[Start of Attachment]
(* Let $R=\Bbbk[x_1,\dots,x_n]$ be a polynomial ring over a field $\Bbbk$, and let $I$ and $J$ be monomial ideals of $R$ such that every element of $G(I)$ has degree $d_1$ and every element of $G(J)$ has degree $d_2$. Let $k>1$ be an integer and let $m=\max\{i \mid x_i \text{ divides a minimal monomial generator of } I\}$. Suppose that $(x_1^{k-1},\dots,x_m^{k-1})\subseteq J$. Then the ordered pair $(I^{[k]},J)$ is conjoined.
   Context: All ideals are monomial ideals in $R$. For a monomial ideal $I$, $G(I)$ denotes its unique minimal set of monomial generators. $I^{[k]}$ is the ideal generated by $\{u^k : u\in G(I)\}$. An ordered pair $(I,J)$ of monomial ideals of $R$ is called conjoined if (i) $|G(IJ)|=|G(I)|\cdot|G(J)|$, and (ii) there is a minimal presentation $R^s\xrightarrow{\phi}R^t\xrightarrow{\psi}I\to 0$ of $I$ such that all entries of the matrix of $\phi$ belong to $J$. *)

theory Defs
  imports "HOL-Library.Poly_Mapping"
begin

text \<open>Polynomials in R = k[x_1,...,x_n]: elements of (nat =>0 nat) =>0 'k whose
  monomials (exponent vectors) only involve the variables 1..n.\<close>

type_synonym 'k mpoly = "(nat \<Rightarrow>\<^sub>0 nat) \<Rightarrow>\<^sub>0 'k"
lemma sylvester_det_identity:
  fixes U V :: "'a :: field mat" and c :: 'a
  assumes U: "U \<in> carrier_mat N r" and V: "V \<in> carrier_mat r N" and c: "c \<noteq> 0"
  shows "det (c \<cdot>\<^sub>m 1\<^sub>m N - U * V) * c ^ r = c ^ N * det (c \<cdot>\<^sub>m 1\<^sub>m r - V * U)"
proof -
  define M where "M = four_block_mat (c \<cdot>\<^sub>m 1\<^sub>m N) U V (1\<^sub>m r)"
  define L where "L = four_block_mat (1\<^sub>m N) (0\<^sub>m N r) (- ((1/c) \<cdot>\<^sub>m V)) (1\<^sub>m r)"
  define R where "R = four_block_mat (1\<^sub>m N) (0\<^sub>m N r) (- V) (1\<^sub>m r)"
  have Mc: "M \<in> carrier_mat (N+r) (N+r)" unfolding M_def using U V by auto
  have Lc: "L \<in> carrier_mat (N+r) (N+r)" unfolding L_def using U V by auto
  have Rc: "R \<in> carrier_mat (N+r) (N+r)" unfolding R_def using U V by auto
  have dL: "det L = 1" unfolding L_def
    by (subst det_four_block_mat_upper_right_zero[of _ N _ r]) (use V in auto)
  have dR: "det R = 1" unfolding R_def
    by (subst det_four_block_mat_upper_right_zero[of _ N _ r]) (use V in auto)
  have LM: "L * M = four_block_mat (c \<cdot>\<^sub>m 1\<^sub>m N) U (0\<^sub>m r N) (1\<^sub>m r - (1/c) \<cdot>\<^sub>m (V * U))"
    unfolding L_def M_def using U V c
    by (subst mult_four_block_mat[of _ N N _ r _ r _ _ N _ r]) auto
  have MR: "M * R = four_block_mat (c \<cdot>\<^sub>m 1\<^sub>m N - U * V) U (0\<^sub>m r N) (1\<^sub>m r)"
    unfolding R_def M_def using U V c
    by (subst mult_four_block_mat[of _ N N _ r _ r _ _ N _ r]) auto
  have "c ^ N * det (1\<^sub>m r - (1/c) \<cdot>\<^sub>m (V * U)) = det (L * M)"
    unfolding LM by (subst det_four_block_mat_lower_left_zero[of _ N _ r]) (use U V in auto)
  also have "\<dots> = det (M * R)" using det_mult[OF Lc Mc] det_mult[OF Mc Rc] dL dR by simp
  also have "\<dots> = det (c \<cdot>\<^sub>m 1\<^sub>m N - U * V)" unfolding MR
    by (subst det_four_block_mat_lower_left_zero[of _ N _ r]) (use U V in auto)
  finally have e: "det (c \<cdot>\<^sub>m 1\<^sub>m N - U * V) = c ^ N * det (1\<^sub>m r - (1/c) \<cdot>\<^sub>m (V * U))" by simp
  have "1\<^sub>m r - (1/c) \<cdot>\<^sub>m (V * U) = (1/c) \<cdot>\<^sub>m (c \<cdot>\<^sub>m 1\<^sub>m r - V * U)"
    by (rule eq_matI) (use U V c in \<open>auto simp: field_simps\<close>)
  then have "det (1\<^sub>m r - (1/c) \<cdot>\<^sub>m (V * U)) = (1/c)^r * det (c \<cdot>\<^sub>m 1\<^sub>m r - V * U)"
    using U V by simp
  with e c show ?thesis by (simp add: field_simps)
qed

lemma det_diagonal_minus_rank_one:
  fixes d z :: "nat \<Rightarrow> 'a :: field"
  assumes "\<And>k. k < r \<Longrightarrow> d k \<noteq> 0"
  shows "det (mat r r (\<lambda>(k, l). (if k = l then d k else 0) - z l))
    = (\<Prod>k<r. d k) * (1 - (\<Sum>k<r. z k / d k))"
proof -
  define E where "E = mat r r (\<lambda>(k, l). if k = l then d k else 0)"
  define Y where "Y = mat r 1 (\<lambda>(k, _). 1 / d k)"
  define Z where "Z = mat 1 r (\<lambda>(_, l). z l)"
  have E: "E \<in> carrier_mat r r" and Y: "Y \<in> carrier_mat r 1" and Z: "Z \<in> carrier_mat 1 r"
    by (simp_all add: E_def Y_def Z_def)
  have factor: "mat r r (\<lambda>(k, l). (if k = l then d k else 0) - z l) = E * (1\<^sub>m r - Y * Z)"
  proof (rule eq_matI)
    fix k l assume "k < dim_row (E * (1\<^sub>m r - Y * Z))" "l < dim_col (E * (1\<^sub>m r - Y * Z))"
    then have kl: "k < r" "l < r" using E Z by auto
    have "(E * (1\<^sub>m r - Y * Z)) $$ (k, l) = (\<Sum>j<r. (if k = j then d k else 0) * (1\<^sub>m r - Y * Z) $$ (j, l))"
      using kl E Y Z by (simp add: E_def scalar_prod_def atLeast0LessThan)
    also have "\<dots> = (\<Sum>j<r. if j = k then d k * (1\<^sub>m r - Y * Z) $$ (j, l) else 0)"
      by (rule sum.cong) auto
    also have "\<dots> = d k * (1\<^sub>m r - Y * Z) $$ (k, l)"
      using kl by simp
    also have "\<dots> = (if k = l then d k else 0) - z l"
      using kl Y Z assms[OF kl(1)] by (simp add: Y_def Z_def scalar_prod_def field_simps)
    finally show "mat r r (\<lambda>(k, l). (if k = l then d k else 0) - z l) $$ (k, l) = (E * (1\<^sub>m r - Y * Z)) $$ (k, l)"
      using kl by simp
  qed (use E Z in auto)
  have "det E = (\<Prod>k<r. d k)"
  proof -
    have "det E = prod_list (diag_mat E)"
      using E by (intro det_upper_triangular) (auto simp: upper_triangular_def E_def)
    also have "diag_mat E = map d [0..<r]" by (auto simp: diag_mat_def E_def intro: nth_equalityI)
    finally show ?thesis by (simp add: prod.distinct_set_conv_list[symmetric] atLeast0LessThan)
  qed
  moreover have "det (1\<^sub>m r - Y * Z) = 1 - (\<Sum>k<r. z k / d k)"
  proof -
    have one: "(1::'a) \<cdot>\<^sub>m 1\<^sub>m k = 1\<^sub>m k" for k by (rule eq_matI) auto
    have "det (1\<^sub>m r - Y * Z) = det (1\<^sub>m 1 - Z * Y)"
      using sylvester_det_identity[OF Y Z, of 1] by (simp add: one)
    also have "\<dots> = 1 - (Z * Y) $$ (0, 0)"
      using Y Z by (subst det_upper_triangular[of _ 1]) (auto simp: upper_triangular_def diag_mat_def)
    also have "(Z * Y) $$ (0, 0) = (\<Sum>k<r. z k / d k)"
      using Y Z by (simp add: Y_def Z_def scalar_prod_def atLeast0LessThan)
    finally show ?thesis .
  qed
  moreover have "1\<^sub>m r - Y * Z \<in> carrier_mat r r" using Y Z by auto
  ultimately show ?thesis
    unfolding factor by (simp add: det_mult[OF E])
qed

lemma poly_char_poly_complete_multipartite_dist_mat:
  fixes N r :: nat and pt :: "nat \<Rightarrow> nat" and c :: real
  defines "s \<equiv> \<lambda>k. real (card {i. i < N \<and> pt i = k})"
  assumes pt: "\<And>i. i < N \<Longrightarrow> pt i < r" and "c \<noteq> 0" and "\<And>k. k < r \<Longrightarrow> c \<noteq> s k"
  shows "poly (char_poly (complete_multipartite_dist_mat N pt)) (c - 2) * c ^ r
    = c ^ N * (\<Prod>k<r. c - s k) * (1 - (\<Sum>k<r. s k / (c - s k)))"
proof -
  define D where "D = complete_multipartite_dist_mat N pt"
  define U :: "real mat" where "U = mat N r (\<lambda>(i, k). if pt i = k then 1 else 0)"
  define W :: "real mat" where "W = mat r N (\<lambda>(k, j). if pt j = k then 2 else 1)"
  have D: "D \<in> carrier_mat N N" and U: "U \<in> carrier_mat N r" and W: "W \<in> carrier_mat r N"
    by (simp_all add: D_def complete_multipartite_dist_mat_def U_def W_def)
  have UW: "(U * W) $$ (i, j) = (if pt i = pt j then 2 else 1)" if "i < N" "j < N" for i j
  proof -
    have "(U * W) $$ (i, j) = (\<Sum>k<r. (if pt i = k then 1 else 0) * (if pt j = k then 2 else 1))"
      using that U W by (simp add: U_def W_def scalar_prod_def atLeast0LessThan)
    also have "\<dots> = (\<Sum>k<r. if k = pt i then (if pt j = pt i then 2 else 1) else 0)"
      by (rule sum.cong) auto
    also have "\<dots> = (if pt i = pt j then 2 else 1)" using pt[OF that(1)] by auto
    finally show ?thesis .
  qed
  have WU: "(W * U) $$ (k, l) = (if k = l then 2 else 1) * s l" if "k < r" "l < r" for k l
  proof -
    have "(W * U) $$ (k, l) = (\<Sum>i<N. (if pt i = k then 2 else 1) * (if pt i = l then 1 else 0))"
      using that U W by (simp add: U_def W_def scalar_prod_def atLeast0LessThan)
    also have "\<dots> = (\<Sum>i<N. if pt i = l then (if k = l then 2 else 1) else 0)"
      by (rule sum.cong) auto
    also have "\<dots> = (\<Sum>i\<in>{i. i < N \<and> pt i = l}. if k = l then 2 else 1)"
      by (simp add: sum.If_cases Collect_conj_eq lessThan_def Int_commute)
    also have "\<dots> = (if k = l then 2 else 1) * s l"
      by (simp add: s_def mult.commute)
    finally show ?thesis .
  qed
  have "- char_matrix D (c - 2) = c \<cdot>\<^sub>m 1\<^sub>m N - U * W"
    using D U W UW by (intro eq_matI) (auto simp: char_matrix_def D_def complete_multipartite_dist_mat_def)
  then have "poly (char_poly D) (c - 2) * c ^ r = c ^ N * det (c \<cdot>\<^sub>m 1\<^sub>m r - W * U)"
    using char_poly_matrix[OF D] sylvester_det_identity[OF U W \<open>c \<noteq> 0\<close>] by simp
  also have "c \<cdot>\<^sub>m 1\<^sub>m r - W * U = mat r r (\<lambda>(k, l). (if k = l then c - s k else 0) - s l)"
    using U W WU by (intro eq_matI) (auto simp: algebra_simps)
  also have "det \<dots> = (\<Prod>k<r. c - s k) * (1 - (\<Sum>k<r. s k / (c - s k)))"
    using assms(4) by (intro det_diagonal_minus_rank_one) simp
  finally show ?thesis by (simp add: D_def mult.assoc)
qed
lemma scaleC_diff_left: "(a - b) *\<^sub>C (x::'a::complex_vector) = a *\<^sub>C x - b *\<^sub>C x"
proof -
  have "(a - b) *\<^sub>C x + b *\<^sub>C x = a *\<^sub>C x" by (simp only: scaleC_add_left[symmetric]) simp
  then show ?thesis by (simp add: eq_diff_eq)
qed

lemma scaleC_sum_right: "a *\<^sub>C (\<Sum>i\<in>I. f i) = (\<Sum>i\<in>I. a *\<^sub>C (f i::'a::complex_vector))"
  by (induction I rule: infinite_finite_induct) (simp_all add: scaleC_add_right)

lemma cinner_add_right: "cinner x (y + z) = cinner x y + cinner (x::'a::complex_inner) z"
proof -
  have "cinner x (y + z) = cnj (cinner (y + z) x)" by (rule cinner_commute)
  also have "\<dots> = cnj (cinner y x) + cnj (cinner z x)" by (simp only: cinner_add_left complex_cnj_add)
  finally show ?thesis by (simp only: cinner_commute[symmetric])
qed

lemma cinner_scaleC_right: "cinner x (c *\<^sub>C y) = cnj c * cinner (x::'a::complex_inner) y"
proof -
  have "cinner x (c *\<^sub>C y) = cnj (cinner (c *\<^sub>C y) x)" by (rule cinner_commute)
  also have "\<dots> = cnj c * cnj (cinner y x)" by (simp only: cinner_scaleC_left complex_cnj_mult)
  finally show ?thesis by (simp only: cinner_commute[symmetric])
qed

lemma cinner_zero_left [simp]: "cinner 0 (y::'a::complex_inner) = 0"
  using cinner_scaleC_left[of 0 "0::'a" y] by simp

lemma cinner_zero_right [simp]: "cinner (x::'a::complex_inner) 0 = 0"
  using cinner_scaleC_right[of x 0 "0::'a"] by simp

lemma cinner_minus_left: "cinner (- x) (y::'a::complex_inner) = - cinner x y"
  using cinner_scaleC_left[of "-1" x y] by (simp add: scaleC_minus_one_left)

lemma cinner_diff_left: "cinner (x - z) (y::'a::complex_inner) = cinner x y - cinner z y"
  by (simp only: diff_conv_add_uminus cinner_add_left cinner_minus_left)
[End of Attachment]
Set down, exactly as they appear above, all lines from the one that has "using Y Z by (subst" down to the one that has "by (simp_all add: D_def", including those two and no others.

TASK SOLUTION >>
      using Y Z by (subst det_upper_triangular[of _ 1]) (auto simp: upper_triangular_def diag_mat_def)
    also have "(Z * Y) $$ (0, 0) = (\<Sum>k<r. z k / d k)"
      using Y Z by (simp add: Y_def Z_def scalar_prod_def atLeast0LessThan)
    finally show ?thesis .
  qed
  moreover have "1\<^sub>m r - Y * Z \<in> carrier_mat r r" using Y Z by auto
  ultimately show ?thesis
    unfolding factor by (simp add: det_mult[OF E])
qed

lemma poly_char_poly_complete_multipartite_dist_mat:
  fixes N r :: nat and pt :: "nat \<Rightarrow> nat" and c :: real
  defines "s \<equiv> \<lambda>k. real (card {i. i < N \<and> pt i = k})"
  assumes pt: "\<And>i. i < N \<Longrightarrow> pt i < r" and "c \<noteq> 0" and "\<And>k. k < r \<Longrightarrow> c \<noteq> s k"
  shows "poly (char_poly (complete_multipartite_dist_mat N pt)) (c - 2) * c ^ r
    = c ^ N * (\<Prod>k<r. c - s k) * (1 - (\<Sum>k<r. s k / (c - s k)))"
proof -
  define D where "D = complete_multipartite_dist_mat N pt"
  define U :: "real mat" where "U = mat N r (\<lambda>(i, k). if pt i = k then 1 else 0)"
  define W :: "real mat" where "W = mat r N (\<lambda>(k, j). if pt j = k then 2 else 1)"
  have D: "D \<in> carrier_mat N N" and U: "U \<in> carrier_mat N r" and W: "W \<in> carrier_mat r N"
    by (simp_all add: D_def complete_multipartite_dist_mat_def U_def W_def)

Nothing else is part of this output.